*** Provided material ***

text \<open>Only meaningful for cocones \<open>\<Phi>\<close>, on whose classes \<open>\<Phi>\<close> is constant;
otherwise \<open>the_elem\<close> returns an unspecified value.\<close>
definition dLim_lift :: "('i \<Rightarrow> 'a \<Rightarrow> 'c) \<Rightarrow> ('i \<times> 'a) set \<Rightarrow> 'c"
  where "dLim_lift \<Phi> c = the_elem ((\<lambda>(i, x). \<Phi> i x) ` c)"

definition dLim_map ::
  "'i set \<Rightarrow> ('i \<Rightarrow> 'i \<Rightarrow> bool) \<Rightarrow> ('i \<Rightarrow> 'b set) \<Rightarrow> ('i \<Rightarrow> 'i \<Rightarrow> 'b \<Rightarrow> 'b) \<Rightarrow> ('i \<Rightarrow> 'a \<Rightarrow> 'b)
    \<Rightarrow> ('i \<times> 'a) set \<Rightarrow> ('i \<times> 'b) set"
  where "dLim_map I le B mu Psi = dLim_lift (\<lambda>i x. eql I le B mu i (Psi i x))"

lemma eqlf_eq_dLim_lift: "eqlf = dLim_lift"
  by (simp add: fun_eq_iff eqlf_def dLim_lift_def)

lemma dprod_iff: "\<Theta> \<in> dprod I le A lam F \<longleftrightarrow> (\<forall>i\<in>I. \<Theta> i \<in> F i) \<and> cocone I le A lam \<Theta>"
  by (simp add: dprod_def cocone_def)

lemma dsum_eq_equiv:
  assumes D: "directed_set I le" and Fam: "direct_family I le A lam"
  shows "equiv (SIGMA i:I. A i) (dsum_eq I le A lam)"
proof (rule equivI)
  show "dsum_eq I le A lam \<subseteq> (SIGMA i:I. A i) \<times> (SIGMA i:I. A i)"
    by (auto simp: dsum_eq_def)
  have "\<forall>i\<in>I. le i i" using D by (simp add: directed_set_def)
  then show "refl_on (SIGMA i:I. A i) (dsum_eq I le A lam)"
    by (auto simp: refl_on_def dsum_eq_def)
  show "sym (dsum_eq I le A lam)"
    by (auto simp: sym_def dsum_eq_def)
  show "trans (dsum_eq I le A lam)"
  proof (rule transI, clarify)
    fix i x j y l z
    assume "((i, x), (j, y)) \<in> dsum_eq I le A lam" "((j, y), (l, z)) \<in> dsum_eq I le A lam"
    then obtain k1 k2 where ij: "i \<in> I" "x \<in> A i" "j \<in> I" "y \<in> A j" "k1 \<in> I" "le i k1" "le j k1"
        "lam i k1 x = lam j k1 y"
      and jl: "l \<in> I" "z \<in> A l" "k2 \<in> I" "le j k2" "le l k2" "lam j k2 y = lam l k2 z"
      by (auto simp: dsum_eq_def)
    from D ij jl obtain k where k: "k \<in> I" "le k1 k" "le k2 k"
      unfolding directed_set_def by blast
    have trans_le: "\<And>a b c. a \<in> I \<Longrightarrow> b \<in> I \<Longrightarrow> c \<in> I \<Longrightarrow> le a b \<Longrightarrow> le b c \<Longrightarrow> le a c"
      using D unfolding directed_set_def by blast
    have comp: "\<And>a b c w. a \<in> I \<Longrightarrow> b \<in> I \<Longrightarrow> c \<in> I \<Longrightarrow> le a b \<Longrightarrow> le b c \<Longrightarrow> w \<in> A a \<Longrightarrow>
        lam a c w = lam b c (lam a b w)"
      using Fam unfolding direct_family_def by blast
    have "lam i k x = lam k1 k (lam j k1 y)" using comp[of i k1 k x] ij k by simp
    also have "\<dots> = lam k2 k (lam j k2 y)" using comp[of j k1 k y] comp[of j k2 k y] ij jl k by simp
    also have "\<dots> = lam l k z" using comp[of l k2 k z] jl k by simp
    finally have "lam i k x = lam l k z" .
    moreover have "le i k" "le l k" using trans_le ij jl k by blast+
    ultimately show "((i, x), (l, z)) \<in> dsum_eq I le A lam"
      using ij jl k by (auto simp: dsum_eq_def)
  qed
qed

lemma eql_eq_iff:
  assumes "directed_set I le" "direct_family I le A lam"
    and "i \<in> I" "x \<in> A i" "j \<in> I" "y \<in> A j"
  shows "eql I le A lam i x = eql I le A lam j y \<longleftrightarrow> ((i, x), (j, y)) \<in> dsum_eq I le A lam"
  unfolding eql_def using equiv_class_eq_iff[OF dsum_eq_equiv[OF assms(1,2)]] assms by auto

lemma eql_in_dLim: "i \<in> I \<Longrightarrow> x \<in> A i \<Longrightarrow> eql I le A lam i x \<in> dLim I le A lam"
  unfolding dLim_def eql_def by (rule quotientI) auto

***

▶ _Task directions_:
Within the data, how many lines hold the string "definition"? Answer with the number and nothing more.

▶ _Task result_:
2